I have a data frame like this:
df:
number score
12 NaN
13 NaN
14 NaN
15 NaN
16 10
17 NaN
18 NaN
- I want to filter this data frame from the start to the row where it finds a number in the score column. So, after filtering the data frame should look like this:
new_df: number score 12 NaN 13 NaN 14 NaN 15 NaN 16 10
- I want to filter this data frame from the row where it finds a number in the score column to the end of the data frame.
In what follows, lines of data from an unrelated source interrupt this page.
lemma almost_decreasing_pseudo_intersection:
  assumes NU: "normal_ultrafilter r U" and "Well_order l" "A \<subseteq> Field l"
    and B: "\<forall>i\<in>A. B i \<in> U" "almost_decreasing r l A B"
    and Gal: "\<And>K. K \<subseteq> A \<Longrightarrow> r <o |K| \<Longrightarrow> Gal U |K| |K|"
  shows "\<exists>D\<in>U. \<forall>i\<in>A. almost_subset r D (B i)"
proof -
  note U = normal_ultrafilterD[OF NU]
  have ne: "Field r \<noteq> {}" using U(4) by auto
  obtain R where R: "cofinal_in l A R" and R_min: "\<forall>K. cofinal_in l A K \<longrightarrow> |R| \<le>o |K|"
    and R_seg: "\<forall>x\<in>R. |R \<inter> underS l x| <o |R|"
    using exists_minimal_cofinal_in[OF assms(2,3)] by blast
  have "R \<subseteq> A" using R unfolding cofinal_in_def by blast
  then have BR: "B ` R \<subseteq> U" using B(1) by blast
  have "\<exists>D\<in>U. \<exists>K. cofinal_in l A K \<and> (\<forall>j\<in>K. almost_subset r D (B j))"
  proof (cases "|R| \<le>o |Field r|")
    case True
    then have "|B ` R| \<le>o |Field r|" using ordLeq_transitive[OF card_of_image] by blast
    then show ?thesis using normal_ultrafilter_small_pseudo_intersection[OF NU BR] R by blast
  next
    case False
    then have "r <o |R|"
      using ordIso_ordLess_trans[OF ordIso_symmetric[OF card_of_Field_ordIso[OF U(1)]]]
        not_ordLeq_iff_ordLess[OF card_of_Well_order card_of_Well_order] by blast
    have "\<exists>D\<in>U. \<exists>K. cofinal_in l A K \<and> (\<forall>j\<in>K. D \<subseteq> B j)"
    proof (cases "|B ` R| <o |R|")
      case True
      then obtain Y where "Y \<in> B ` R" "cofinal_in l A {j\<in>R. B j = Y}"
        using cofinal_in_fibre[OF assms(2,3) R R_min] by blast
      then show ?thesis using BR by blast
    next
      case False
      then have "|B ` R| =o |R|" using card_of_image ordLeq_iff_ordLess_or_ordIso by blast
      then show ?thesis
        using Gal_cofinal_subfamily[OF assms(2,3) R R_seg Gal[OF \<open>R \<subseteq> A\<close> \<open>r <o |R|\<close>] BR] by blast
    qed
    then show ?thesis using subset_imp_almost_subset[OF ne] by meson
  qed
  then show ?thesis using almost_decreasing_cofinal_in[OF U(2) B(2)] by blast
qed

lemma exists_almost_decreasing_refinement:
  fixes r :: "'k rel" and l :: "'l rel" and X :: "'l \<Rightarrow> 'k set"
  assumes "Well_order r" "Field r \<noteq> {}" "Well_order l"
    and inter: "\<And>Y Z. Y \<in> U \<Longrightarrow> Z \<in> U \<Longrightarrow> Y \<inter> Z \<in> U"
    and X: "\<And>\<alpha>. \<alpha> \<in> Field l \<Longrightarrow> X \<alpha> \<in> U"
    and pseudo: "\<And>\<alpha> B. \<alpha> \<in> Field l \<Longrightarrow> \<forall>i\<in>underS l \<alpha>. B i \<in> U
      \<Longrightarrow> almost_decreasing r l (underS l \<alpha>) B \<Longrightarrow> \<exists>D\<in>U. \<forall>i\<in>underS l \<alpha>. almost_subset r D (B i)"
  shows "\<exists>B. (\<forall>\<alpha>\<in>Field l. B \<alpha> \<in> U \<and> almost_subset r (B \<alpha>) (X \<alpha>))
    \<and> almost_decreasing r l (Field l) B"
proof -
  have wf: "wf (l - Id)" using assms(3) by (simp add: wo_rel.WF wo_rel_def)
  let ?good = "\<lambda>B \<alpha> D. D \<in> U \<and> (\<forall>\<beta>\<in>underS l \<alpha>. almost_subset r D (B \<beta>)) \<and> almost_subset r D (X \<alpha>)"
  define B where "B = wfrec (l - Id) (\<lambda>B \<alpha>. SOME D. ?good B \<alpha> D)"
  have B_eq: "B \<alpha> = (SOME D. ?good B \<alpha> D)" for \<alpha>
    unfolding B_def by (subst wfrec[OF wf]) (simp add: cut_def underS_def)
  have good: "?good B \<alpha> (B \<alpha>)" if "\<alpha> \<in> Field l" for \<alpha>
    using that
  proof (induction \<alpha> rule: wf_induct_rule[OF wf])
    case (1 \<alpha>)
    have IH: "?good B \<beta> (B \<beta>)" if "\<beta> \<in> underS l \<alpha>" for \<beta>
      using 1(1) that underS_Field[of _ l \<alpha>] unfolding underS_def by blast
    have "almost_decreasing r l (underS l \<alpha>) B"
      unfolding almost_decreasing_def
    proof (intro ballI impI)
      fix i j assume "i \<in> underS l \<alpha>" "j \<in> underS l \<alpha>" "(i, j) \<in> l"
      show "almost_subset r (B j) (B i)"
      proof (cases "i = j")
        case True
        then show ?thesis using subset_imp_almost_subset[OF assms(2)] by blast
      next
        case False
        then show ?thesis using IH[OF \<open>j \<in> underS l \<alpha>\<close>] \<open>(i, j) \<in> l\<close> unfolding underS_def by blast
      qed
    qed
    then obtain D where D: "D \<in> U" "\<forall>i\<in>underS l \<alpha>. almost_subset r D (B i)"
      using pseudo[OF 1(2)] IH by blast
    have "?good B \<alpha> (D \<inter> X \<alpha>)"
      using inter[OF D(1) X[OF 1(2)]] D(2)
        almost_subset_trans[OF assms(1) subset_imp_almost_subset[OF assms(2) Int_lower1]]
        subset_imp_almost_subset[OF assms(2) Int_lower2] by blast
    then show ?case unfolding B_eq[of \<alpha>] by (rule someI)
  qed
  have "almost_decreasing r l (Field l) B"
    unfolding almost_decreasing_def
  proof (intro ballI impI)
    fix i j assume "i \<in> Field l" "j \<in> Field l" "(i, j) \<in> l"
    then show "almost_subset r (B j) (B i)"
      using good[of j] subset_imp_almost_subset[OF assms(2)] unfolding underS_def by blast
  qed
  then show ?thesis using good by blast
qed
So, after filtering the data frame should look like this:
new_df: number score 16 10 17 NaN 18 NaN
How do I filter this data frame? Kindly help
CodePudding user response:
You can use a reverse cummax
and boolean slicing:
new_df = df[df['score'].notna()[::-1].cummax()]
Output:
number score
0 12 NaN
1 13 NaN
2 14 NaN
3 15 NaN
4 16 10.0
For the second one, a simple cummax
:
new_df = df[df['score'].notna().cummax()]
Output:
number score
4 16 10.0
5 17 NaN
6 18 NaN
CodePudding user response:
You can use pd.Series.last_valid_index
and pd.Series.first_valid_index
like this:
df.loc[df['score'].first_valid_index():]
Output:
number score
4 16 10.0
5 17 NaN
6 18 NaN
And,
df.loc[:df['score'].last_valid_index()]
Output:
number score
0 12 NaN
1 13 NaN
2 14 NaN
3 15 NaN
4 16 10.0
And, if you wanted to clip leading NaN and trailing Nan you can combined the two.
df.loc[df['score'].first_valid_index():df['score'].last_valid_index()]
Output:
number score
4 16 10.0